El Portal del Cementerio es una obra monumental diseñada por el arquitecto Francisco Salamone.
Es una manifestación de estilo Art Déco, reconocida a nivel internacional.
Construida por el artista Francisco Salamone, arquitecto italo-argentino, que vivió y trabajó en Argentina y realizó entre 1936 y 1940, más de 60 edificios en 25 municipios de Buenos Aires.

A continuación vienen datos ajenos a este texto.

(* Let $f\in\mathcal{C}$ and let $f^\ast(t):=t f(1/t)$ for $t>0$, extended by $f^\ast(0):=\lim_{t\downarrow0}f^\ast(t)\in(-\infty,\infty]$. Then for all probability measures $P,Q$ on a common measurable space and all $\gamma\in[1,\infty)$, $$D_f(P\|Q)\ \ge\ f^\ast\!\Bigl(1+\tfrac1\gamma E_\gamma(P\|Q)\Bigr) + f^\ast\!\Bigl(\tfrac1\gamma\bigl(1-E_\gamma(P\|Q)\bigr)\Bigr) - f^\ast\!\Bigl(\tfrac1\gamma\Bigr).$$
   Context: $\mathcal{C}$ is the set of convex $f\colon(0,\infty)\to\mathbb{R}$ with $f(1)=0$. For densities $p,q$ of $P,Q$ w.r.t. a dominating measure $\mu$, $D_f(P\|Q):=\int qf(p/q)\,\mathrm{d}\mu$ with conventions $f(0):=\lim_{t\downarrow0}f(t)$, $0f(0/0)=0$, $0f(a/0)=a\lim_{u\to\infty}f(u)/u$ for $a>0$. For $\gamma\ge1$, $E_\gamma(P\|Q):=\sup_U(P(U)-\gamma Q(U))=\int(p-\gamma q)^+\,\mathrm{d}\mu$. *)

theory Defs
  imports "HOL-Probability.Probability"
begin

definition f_zero :: "(real \<Rightarrow> real) \<Rightarrow> ereal" where
  "f_zero f = Lim (at_right 0) (\<lambda>t. ereal (f t))"

definition f_slope_inf :: "(real \<Rightarrow> real) \<Rightarrow> ereal" where
  "f_slope_inf f = Lim at_top (\<lambda>u. ereal (f u / u))"
lemma marginal_insert_fixed:
  assumes "x \<notin> F" "finite F" "\<forall>i\<in>insert x F. finite (D i)"
    and "S \<subseteq> F" "y \<in> D x" "t \<in> PiE S D"
  shows "marginal (insert x F) D w (insert x S) (t(x := y)) = marginal F D (\<lambda>c. w (c(x := y))) S t"
proof -
  have "x \<notin> S" "t \<in> extensional S" using assms by (auto simp: PiE_def)
  have if_conj_split: "(if P \<and> Q then a else 0) = (if P then if Q then a else 0 else 0)" for P Q and a :: 'c
    by simp
  have "finite (PiE F D)" "finite (D x)"
    using assms by (auto intro: finite_PiE)
  then show ?thesis
    unfolding marginal_insert[OF assms(1-3)] using assms(5)
    by (subst sum.swap)
      (simp add: restrict_fun_upd_eq_iff[OF \<open>x \<notin> S\<close> \<open>t \<in> extensional S\<close>] marginal_def sum.inter_filter
        if_conj_split sum.delta' cong: if_cong)
qed

lemma marginal_insert_summed:
  assumes "x \<notin> F" "finite F" "\<forall>i\<in>insert x F. finite (D i)" "x \<notin> S"
  shows "marginal (insert x F) D w S t = marginal F D (\<lambda>c. \<Sum>y\<in>D x. w (c(x := y))) S t"
proof -
  have restr: "restrict (c(x := y)) S = restrict c S" for c y
    using assms(4) by (auto simp: restrict_def)
  have "finite (PiE F D)"
    using assms by (auto intro: finite_PiE)
  then have "marginal F D (\<lambda>c. \<Sum>y\<in>D x. w (c(x := y))) S t
      = (\<Sum>c\<in>PiE F D. if restrict c S = t then \<Sum>y\<in>D x. w (c(x := y)) else 0)"
    unfolding marginal_def by (rule sum.inter_filter)
  then show ?thesis
    unfolding marginal_insert[OF assms(1-3)] restr
    by (subst sum.swap) (auto intro: sum.cong)
qed

definition vanishing_marginals ::
    "'a set \<Rightarrow> ('a \<Rightarrow> 'b set) \<Rightarrow> (('a \<Rightarrow> 'b) \<Rightarrow> 'c::comm_monoid_add) \<Rightarrow> nat \<Rightarrow> bool" where
  "vanishing_marginals I D w k \<longleftrightarrow>
     (\<forall>S t. S \<subseteq> I \<longrightarrow> card S < k \<longrightarrow> t \<in> PiE S D \<longrightarrow> marginal I D w S t = 0)"

lemma vanishing_marginals_slice:
  assumes "x \<notin> F" "finite F" "\<forall>i\<in>insert x F. finite (D i)"
    and "vanishing_marginals (insert x F) D w (Suc k)" "y \<in> D x"
  shows "vanishing_marginals F D (\<lambda>c. w (c(x := y))) k"
  unfolding vanishing_marginals_def
proof (intro allI impI)
  fix S t assume S: "S \<subseteq> F" "card S < k" and t: "t \<in> PiE S D"
  have "finite S"
    using S(1) assms(2) by (rule finite_subset)
  moreover have "x \<notin> S"
    using S(1) assms(1) by blast
  ultimately have "marginal (insert x F) D w (insert x S) (t(x := y)) = 0"
    using assms(4)[unfolded vanishing_marginals_def, rule_format, of "insert x S" "t(x := y)"]
      S PiE_fun_upd[OF assms(5) t] by auto
  then show "marginal F D (\<lambda>c. w (c(x := y))) S t = 0"
    unfolding marginal_insert_fixed[OF assms(1-3) S(1) assms(5) t] .
qed

lemma vanishing_marginals_sum_slices:
  assumes "x \<notin> F" "finite F" "\<forall>i\<in>insert x F. finite (D i)"
    and "vanishing_marginals (insert x F) D w k"
  shows "vanishing_marginals F D (\<lambda>c. \<Sum>y\<in>D x. w (c(x := y))) k"
  unfolding vanishing_marginals_def
proof (intro allI impI)
  fix S t assume S: "S \<subseteq> F" "card S < k" and "t \<in> PiE S D"
  then have "marginal (insert x F) D w S t = 0"
    using assms(4) by (auto simp: vanishing_marginals_def)
  moreover have "x \<notin> S"
    using S(1) assms(1) by blast
  ultimately show "marginal F D (\<lambda>c. \<Sum>y\<in>D x. w (c(x := y))) S t = 0"
    by (simp add: marginal_insert_summed[OF assms(1-3)])
qed

lemma one_le_sum_abs:
  fixes w :: "'a \<Rightarrow> int"
  assumes "finite A" "c0 \<in> A" "w c0 \<noteq> 0"
  shows "1 \<le> (\<Sum>c\<in>A. \<bar>w c\<bar>)"
proof -
  have "\<bar>w c0\<bar> \<le> (\<Sum>c\<in>A. \<bar>w c\<bar>)"
    using assms(1,2) by (intro member_le_sum) auto
  then show ?thesis using assms(3) by simp
qed

lemma sum_abs_slices_le:
  fixes w :: "('a \<Rightarrow> 'b) \<Rightarrow> int"
  assumes "x \<notin> F" "finite (D x)" "Y \<subseteq> D x"
  shows "(\<Sum>y\<in>Y. \<Sum>c\<in>PiE F D. \<bar>w (c(x := y))\<bar>) \<le> (\<Sum>c\<in>PiE (insert x F) D. \<bar>w c\<bar>)"
  unfolding sum_PiE_insert[OF assms(1)] using assms(2,3) by (intro sum_mono2) (auto intro: sum_nonneg)

text \<open>Slice along the new coordinate \<open>x\<close>. Either two slices are nonzero, each with vanishing
  marginals of order \<open>< k\<close>, or only the slice through \<open>c0\<close> is, and then it equals the sum of
  all slices, whose marginals of order \<open>< k + 1\<close> vanish.\<close>
lemma two_pow_le_sum_abs_insert:
  fixes w :: "('a \<Rightarrow> 'b) \<Rightarrow> int"
  assumes "x \<notin> F" "finite F" "\<forall>i\<in>insert x F. finite (D i)"
    and IH: "\<And>v j c. vanishing_marginals F D (v :: ('a \<Rightarrow> 'b) \<Rightarrow> int) j \<Longrightarrow> c \<in> PiE F D
      \<Longrightarrow> v c \<noteq> 0 \<Longrightarrow> 2 ^ j \<le> (\<Sum>c\<in>PiE F D. \<bar>v c\<bar>)"
    and "vanishing_marginals (insert x F) D w (Suc k)" "c0 \<in> PiE (insert x F) D" "w c0 \<noteq> 0"
  shows "2 ^ Suc k \<le> (\<Sum>c\<in>PiE (insert x F) D. \<bar>w c\<bar>)"
proof -
  define ws where "ws y c = w (c(x := y))" for y c
  define y0 c0' where "y0 = c0 x" and "c0' = c0(x := undefined)"
  have finDx: "finite (D x)"
    using assms(3) by simp
  have y0: "y0 \<in> D x" and c0': "c0' \<in> PiE F D" and ws0: "ws y0 c0' \<noteq> 0"
    using assms(1,6,7) by (auto simp: y0_def c0'_def ws_def intro: PiE_mem fun_upd_in_PiE)
  have slices_le: "(\<Sum>y\<in>Y. \<Sum>c\<in>PiE F D. \<bar>ws y c\<bar>) \<le> (\<Sum>c\<in>PiE (insert x F) D. \<bar>w c\<bar>)"
    if "Y \<subseteq> D x" for Y
    unfolding ws_def using assms(1) finDx that by (rule sum_abs_slices_le)
  show ?thesis
  proof (cases "\<exists>y1\<in>D x - {y0}. \<exists>c1\<in>PiE F D. ws y1 c1 \<noteq> 0")
    case True
    then obtain y1 c1 where y1: "y1 \<in> D x" "y1 \<noteq> y0" and c1: "c1 \<in> PiE F D" "ws y1 c1 \<noteq> 0"
      by blast
    have bound: "2 ^ k \<le> (\<Sum>c\<in>PiE F D. \<bar>ws y c\<bar>)" if "y \<in> D x" "c \<in> PiE F D" "ws y c \<noteq> 0" for y c
      using IH[of "ws y" k c] vanishing_marginals_slice[OF assms(1-3,5) that(1)] that(2,3)
      unfolding ws_def by blast
    have "2 ^ Suc k \<le> (\<Sum>y\<in>{y0, y1}. \<Sum>c\<in>PiE F D. \<bar>ws y c\<bar>)"
      using bound[OF y0 c0' ws0] bound[OF y1(1) c1] y1(2) by simp
    then show ?thesis
      using slices_le[of "{y0, y1}"] y0 y1 by simp
  next
    case False
    define W where "W c = (\<Sum>y\<in>D x. ws y c)" for c
    have W: "W c = ws y0 c" if "c \<in> PiE F D" for c
    proof -
      have "(\<Sum>y\<in>D x - {y0}. ws y c) = 0"
        using False that by (intro sum.neutral) blast
      then show ?thesis
        unfolding W_def sum.remove[OF finDx y0] by simp
    qed
    have "vanishing_marginals F D W (Suc k)"
      unfolding W_def ws_def by (rule vanishing_marginals_sum_slices[OF assms(1-3,5)])
    moreover have "W c0' \<noteq> 0"
      using W[OF c0'] ws0 by simp
    ultimately have "2 ^ Suc k \<le> (\<Sum>c\<in>PiE F D. \<bar>W c\<bar>)"
      using IH c0' by blast
    also have "\<dots> = (\<Sum>y\<in>{y0}. \<Sum>c\<in>PiE F D. \<bar>ws y c\<bar>)"
      using W by simp
    finally show ?thesis
      using slices_le[of "{y0}"] y0 by simp
  qed
qed
lemma le_of_ascents_disjoint:
  assumes "{j..<p} \<inter> ascents n w = {}" and "1 \<le> j" and "j \<le> p" and "p \<le> n"
  shows "w p \<le> w j"
  using assms(3,1,4)
proof (induction p rule: dec_induct)
  case (step i)
  have "{j..<i} \<inter> ascents n w = {}" using step.prems(1) by (auto simp: disjoint_iff)
  then have "w i \<le> w j" using step by simp
  moreover have "i \<notin> ascents n w" using step by auto
  ultimately show ?case using step \<open>1 \<le> j\<close> unfolding ascents_def by auto
qed simp

lemma run_value_le:
  assumes \<sigma>: "\<sigma> permutes {1..n}" and \<tau>: "\<tau> permutes {1..n}"
    and asc: "ascents n \<sigma> \<subseteq> I" and pre: "\<And>i. i \<in> I \<Longrightarrow> prefix_set \<sigma> i = prefix_set \<tau> i"
    and eq: "\<sigma> p = \<tau> j" and j: "1 \<le> j" "j \<le> p" and p: "p \<le> n"
  shows "\<sigma> p \<le> \<sigma> j"
proof (rule le_of_ascents_disjoint[OF _ j p])
  show "{j..<p} \<inter> ascents n \<sigma> = {}"
  proof (rule ccontr)
    assume "{j..<p} \<inter> ascents n \<sigma> \<noteq> {}"
    then obtain i where "i \<in> {j..<p}" "i \<in> ascents n \<sigma>" by blast
    then have i: "j \<le> i" "i < p" "i \<in> I" using asc by auto
    have "\<tau> j \<in> prefix_set \<tau> i" using i j by (simp add: mem_prefix_set_iff permutes_inj[OF \<tau>])
    then have "\<sigma> p \<in> prefix_set \<sigma> i" using pre[OF i(3)] eq by simp
    then show False using i by (simp add: mem_prefix_set_iff permutes_inj[OF \<sigma>])
  qed
qed
lemma step_op_right_eq: "step_op Y k (r x y) z = r x (step_op Y k y z)"
  by (simp add: step_op_def tri_assoc(3,5,9))

lemma step_op_mid_eq: "Y \<inter> {..<k} \<noteq> {} \<Longrightarrow> step_op Y k (m x y) z = m x (step_op Y k y z)"
  by (simp add: step_op_def tri_assoc(7,11))

lemma step_op_shift: "step_op ((\<lambda>k. p + k) ` Y) (p + k) = step_op Y k"
proof -
  have "(\<lambda>k. p + k) ` Y \<inter> {..<p + k} = (\<lambda>k. p + k) ` (Y \<inter> {..<k})"
    and "p + k \<in> (\<lambda>k. p + k) ` Y \<longleftrightarrow> k \<in> Y"
    by auto
  then show ?thesis
    by (simp add: step_op_def)
qed

lemma word_cong: "X \<inter> {..<n} = Y \<inter> {..<n} \<Longrightarrow> word a n X = word a n Y"
proof (induction a n X rule: word.induct)
  case (3 a k X)
  have restrict: "Z \<inter> {..<Suc k} = (Z \<inter> {..<Suc (Suc k)}) \<inter> {..<Suc k}" for Z :: "nat set"
    by auto
  have "X \<inter> {..<Suc k} = Y \<inter> {..<Suc k}"
    using "3.prems" restrict by metis
  moreover have "Suc k \<in> X \<longleftrightarrow> Suc k \<in> Y"
    using "3.prems" by blast
  ultimately show ?case
    using "3.IH" by (simp add: step_op_def)
qed simp_all

lemma word_right_cong: "0 < n \<Longrightarrow> r (word a n X) z = r (word a n Y) z"
proof (induction n arbitrary: z rule: nat_induct_non_zero)
  case (Suc n)
  then show ?case
    by (simp add: word_Suc right_step_op_eq)
qed simp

Ubicado en un amplio valle entre las Sierras de la Ventana y Pillahuincó, el cementerio se encuentra rodeado por el verde del campo y los grises de las sierras. La entrada es una gran rueda de cemento en la que se integran una cruz y la cabeza de Cristo. La Asociación de Turismo Comunitario del pueblo turístico de Saldungaray ofrece, a través de su centro de interpretación, información detallada sobre las obras salomónicas.
Salamone nació el 5 de junio de 1897 en Leonforte, en la región de Sicilia, Italia. Emigró a la Argentina entre 1903 y 1906 y junto a su familia se radicó en Buenos Aires. Cursó sus estudios secundarios en la Escuela Técnica Otto Krause donde se graduó como maestro mayor de obras, y continuó su formación en la Universidad Nacional de La Plata y en la Universidad de Córdoba. En aquella ciudad fundó, junto a su hermano Ángel, una empresa constructora dedicada a la obra pública, en particular a la pavimentación urbana. En el año 1920 se recibió de ingeniero y en 1922 de ingeniero civil, ambos títulos otorgados por la Universidad Nacional de Córdoba. El título de ingeniero le permitió proyectar y dirigir obras de arquitectura, por lo cual en las obras se identificó como Ing. Arq. Francisco Salamone.
En Saldungaray, Salamone dejó su sello con cuatro obras: el cementerio, el mercado, el Palacio Municipal y el matadero (ya no existe). Quedé impactado particularmente con el cementerio. Entre el campo y las sierras y a orillas del rio Sauce Grande, un portal de 18 metros de diámetro, con un Jesucristo de formas geométricas en el centro del portal, impacta y mas aún viéndolo desde lejos. Llegué al mediodía, el portal es azul, le pegaba el sol y reflejaba —no brillaba o al menos no parecía brillar— la luz solar, que le daba una especie de profundidad mística, convirtiéndolo en un portal hacia el otro mundo.